The poll found Republicans are much more likely than Democrats to think clergy should try to influence government decisions - a sign of the challenges ahead for Democrats as they attempt to reach out to more religious voters.

It seems to me that there is a direct connection between my previous posting and this poll. It would be interesting to see a more nuanced poll - who are, exactly, the 40% of Americans who think that clergy should try to sway politicians? I imagine this number doesn't include very many Jews, and probably a lot of evangelical Christians and some Catholics.
This article in Haaretz, I Want You for the U.S. Air Force (but you'd better believe in Jesus), details the series of abuses at the Air Force Academy, where evangelical Christianity appears to have become the official religion. Mikey Weinstein, who served in Reagan's White House, and whose younger son is now at the academy, initiated a public campaign, which has "exposed an intentional policy going back several years of religious guidance from above, active encouragement of Christian evangelism by senior officers and prejudicial discrimination against members of other religions. Hundreds of families have approached Weinstein, and to date 117 people have filed official complaints through him. Only eight are Jews. The majority are Christians who feel persecuted by the policy of promoting evangelical Christianity on an institutional basis while employing the power of military authority." Congress has refused to do anything about this, and in fact when the issue was brought up in a Congressional committee, criticisms of the academy's bias against non-evangelicals were turned into complaints by Republican congressmen of anti-Christian bias (surely a new definition of what the word "chutzpah" means!).

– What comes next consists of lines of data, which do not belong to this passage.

lemma linear_approx_at_mixed_series_imp:
  assumes "1 < a" "a \<le> b" "1/2 \<le> norm A" "norm A \<le> 1" "norm B \<le> 1"
    and "linear_approx_at (mixed_series a b A B) t0 D \<epsilon>"
  shows "\<forall>\<^sub>F J in sequentially. theta a * ln (real (J+2)) powr (b - a) \<le> 6 * \<epsilon>"
proof -
  define \<theta> where "\<theta> = theta a"
  have \<theta>: "0 < \<theta>" "\<theta> \<le> 1" "64 * 2 powr a * \<theta>^2 = 1/6"
    unfolding \<theta>_def using assms(1) by (simp_all add: theta_pos theta_le_1 theta_square)
  obtain \<eta> where "0 < \<eta>"
    and \<eta>: "\<And>u. \<bar>u\<bar> < \<eta> \<Longrightarrow> norm (mixed_series a b A B (t0 + u) - mixed_series a b A B t0 - u *\<^sub>R D) \<le> \<epsilon> * \<bar>u\<bar>"
    using assms(6) unfolding linear_approx_at_def by blast
  define K where "K = 40 * (\<Sum>n. 1 / weight a n) + 8 * norm (mixed_series a b A B t0) + 28 * norm D"
  have "\<forall>\<^sub>F J in sequentially. 2 \<le> J"
    by (rule eventually_ge_at_top)
  moreover have "\<forall>\<^sub>F J in sequentially. c \<le> real (J+2)" for c
    by real_asymp
  moreover have "\<forall>\<^sub>F J in sequentially. 6 * \<theta>^2 * K * ln (real (J+2)) powr a \<le> real (J+2)"
    by real_asymp
  ultimately have "\<forall>\<^sub>F J in sequentially. 2 \<le> J \<and> 1 / \<theta> \<le> real (J+2) \<and> 2 / (\<theta> * \<eta>) \<le> real (J+2)
                    \<and> 6 * \<theta>^2 * K * ln (real (J+2)) powr a \<le> real (J+2)"
    by (intro eventually_conj)
  then show ?thesis
  proof (rule eventually_mono, elim conjE)
    fix J :: nat
    assume J: "2 \<le> J" "1 / \<theta> \<le> real (J+2)" "2 / (\<theta> * \<eta>) \<le> real (J+2)"
      and large: "6 * \<theta>^2 * K * ln (real (J+2)) powr a \<le> real (J+2)"
    have "2 / \<eta> \<le> \<theta> * real (J+2)"
      using J(3) \<theta>(1) \<open>0 < \<eta>\<close> by (simp add: field_simps)
    also have "\<dots> \<le> window_width \<theta> b J"
      using \<theta>(1) J(1) assms(1,2) by (intro window_width_ge) auto
    finally have small: "1 / window_width \<theta> b J < \<eta>"
      using \<open>0 < \<eta>\<close> window_width_pos[OF \<theta>(1), of b J] by (simp add: field_simps)
    have "\<theta> * ln (real (J+2)) powr (b - a) \<le> 6 * \<epsilon>"
    proof (rule peak_estimate[OF assms(1-5) \<theta> J(1)])
      show "1 \<le> \<theta> * real (J+2)"
        using J(2) \<theta>(1) by (simp add: field_simps)
      show "6 * \<theta>^2 * (40 * (\<Sum>n. 1 / weight a n) + 8 * norm (mixed_series a b A B t0) + 28 * norm D)
            * ln (real (J+2)) powr a \<le> real (J+2)"
        using large unfolding K_def .
      fix u :: real
      assume "\<bar>u\<bar> \<le> 1 / window_width \<theta> b J"
      then show "norm (mixed_series a b A B (t0 + u) - mixed_series a b A B t0 - u *\<^sub>R D) \<le> \<epsilon> * \<bar>u\<bar>"
        using \<eta> small by simp
    qed
    then show "theta a * ln (real (J+2)) powr (b - a) \<le> 6 * \<epsilon>"
      unfolding \<theta>_def .
  qed
qed

theorem mixed_series_not_differentiable:
  assumes "1 < a" "a \<le> b" "1/2 \<le> norm A" "norm A \<le> 1" "norm B \<le> 1"
  shows "\<not> mixed_series a b A B differentiable (at t)"
proof
  assume "mixed_series a b A B differentiable (at t)"
  then obtain D where "\<forall>\<epsilon>>0. linear_approx_at (mixed_series a b A B) t D \<epsilon>"
    using differentiable_imp_linear_approx_at by blast
  then have "linear_approx_at (mixed_series a b A B) t D (theta a / 12)"
    using theta_pos[of a] by simp
  then have "\<forall>\<^sub>F J in sequentially. theta a * ln (real (J+2)) powr (b - a) \<le> 6 * (theta a / 12)"
    by (rule linear_approx_at_mixed_series_imp[OF assms])
  moreover have "\<forall>\<^sub>F J in sequentially. 1 \<le> ln (real (J+2)) powr (b - a)"
    using assms(2) by (intro eventually_sequentiallyI[of 1] ge_one_powr_ge_zero ln_ge_1) auto
  ultimately have "\<forall>\<^sub>F J in sequentially. False"
  proof eventually_elim
    case (elim J)
    then have "theta a * 1 \<le> theta a * ln (real (J+2)) powr (b - a)"
      using theta_pos[of a] by (intro mult_left_mono) auto
    with elim(1) theta_pos[of a] show False
      by simp
  qed
  then show False
    by simp
qed

theorem mixed_series_not_lipschitz_at:
  assumes "1 < a" "a < b" "1/2 \<le> norm A" "norm A \<le> 1" "norm B \<le> 1"
  shows "\<not> lipschitz_at (mixed_series a b A B) t"
proof
  assume "lipschitz_at (mixed_series a b A B) t"
  then obtain L where "linear_approx_at (mixed_series a b A B) t 0 L"
    using lipschitz_at_imp_linear_approx_at by blast
  then have "\<forall>\<^sub>F J in sequentially. theta a * ln (real (J+2)) powr (b - a) \<le> 6 * L"
    using assms(2) by (intro linear_approx_at_mixed_series_imp[OF assms(1) _ assms(3-5)]) auto
  moreover have "\<forall>\<^sub>F J in sequentially. 6 * L / theta a + 1 \<le> ln (real (J+2)) powr (b - a)"
    using assms(2) by real_asymp
  ultimately have "\<forall>\<^sub>F J in sequentially. False"
  proof eventually_elim
    case (elim J)
    then have "theta a * (6 * L / theta a + 1) \<le> 6 * L"
      using theta_pos[of a] by (meson mult_left_mono order.trans less_imp_le)
    moreover have "theta a * (6 * L / theta a + 1) = 6 * L + theta a"
      using theta_pos[of a] by (simp add: field_simps)
    ultimately show False
      using theta_pos[of a] by simp
  qed
  then show False
    by simp
qed

lemma differentiable_of_real_comp:
  "g differentiable (at t) \<Longrightarrow> (\<lambda>s. complex_of_real (g s)) differentiable (at t)"
  by (rule differentiable_compose[OF bounded_linear_imp_differentiable[OF bounded_linear_of_real]])

lemma lipschitz_at_of_real_iff: "lipschitz_at (\<lambda>s. complex_of_real (g s)) t \<longleftrightarrow> lipschitz_at g t"
  unfolding lipschitz_at_def by (simp flip: of_real_diff)

theorem mainTheorem11:
  fixes a b :: real
  assumes "1 < a" and "a \<le> b"
  shows "continuous_on UNIV (F1 a b) \<and> bounded (range (F1 a b))
       \<and> continuous_on UNIV (\<lambda>t. Re (F1 a b t)) \<and> bounded (range (\<lambda>t. Re (F1 a b t)))
       \<and> continuous_on UNIV (\<lambda>t. Im (F1 a b t)) \<and> bounded (range (\<lambda>t. Im (F1 a b t)))
       \<and> (\<forall>t. \<not> (F1 a b) differentiable (at t))
       \<and> (\<forall>t. \<not> (\<lambda>s. Re (F1 a b s)) differentiable (at t))
       \<and> (\<forall>t. \<not> (\<lambda>s. Im (F1 a b s)) differentiable (at t))
       \<and> (a < b \<longrightarrow> (\<forall>t. \<not> lipschitz_at (F1 a b) t
                         \<and> \<not> lipschitz_at (\<lambda>s. Re (F1 a b s)) t
                         \<and> \<not> lipschitz_at (\<lambda>s. Im (F1 a b s)) t))"
proof -
  note F = F1_eq_mixed_series[of a b]
    and Re = of_real_Re_F1[OF assms(1), of b] and Im = of_real_Im_F1[OF assms(1), of b]
  have "continuous_on UNIV (F1 a b)"
    unfolding F using assms(1) by (intro continuous_on_mixed_series) auto
  moreover have "norm (F1 a b t) \<le> (\<Sum>n. 2 / weight a n)" for t
    unfolding F using assms(1) by (intro norm_mixed_series_le) auto
  then have "bounded (range (F1 a b))" "bounded (range (\<lambda>t. Re (F1 a b t)))"
            "bounded (range (\<lambda>t. Im (F1 a b t)))"
    unfolding bounded_iff by (auto intro: order_trans[OF abs_Re_le_cmod] order_trans[OF abs_Im_le_cmod])
  moreover have "\<not> F1 a b differentiable (at t)"
    and "\<not> (\<lambda>s. complex_of_real (Re (F1 a b s))) differentiable (at t)"
    and "\<not> (\<lambda>s. complex_of_real (Im (F1 a b s))) differentiable (at t)" for t
    unfolding Re Im unfolding F using assms by (simp_all add: mixed_series_not_differentiable norm_divide)
  moreover have "\<not> lipschitz_at (F1 a b) t"
    and "\<not> lipschitz_at (\<lambda>s. complex_of_real (Re (F1 a b s))) t"
    and "\<not> lipschitz_at (\<lambda>s. complex_of_real (Im (F1 a b s))) t" if "a < b" for t
    unfolding Re Im unfolding F using assms(1) that by (simp_all add: mixed_series_not_lipschitz_at norm_divide)
  ultimately show ?thesis
    by (auto intro: continuous_intros dest: differentiable_of_real_comp simp: lipschitz_at_of_real_iff)
qed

And what is the Air Force Academy doing about this? "Last Friday, USAFA Superintendent Lieutenant-General John Rosa met with Anti-Defamation League activists, and for the first time admitted to them that there was a problem at the base. He said he is losing sleep over it, but noted that it might take up to six years to correct." It doesn't sound to me like he's losing very much sleep over it!

If Jews and non-evangelical Christians are being harassed in this way, just imagine how Muslim cadets might be treated there - if there are any who dare to apply. It's becoming clear that at least some of the people who are fighting the war on terror do think that it's a religious war - evangelical Christianity vs. everyone else.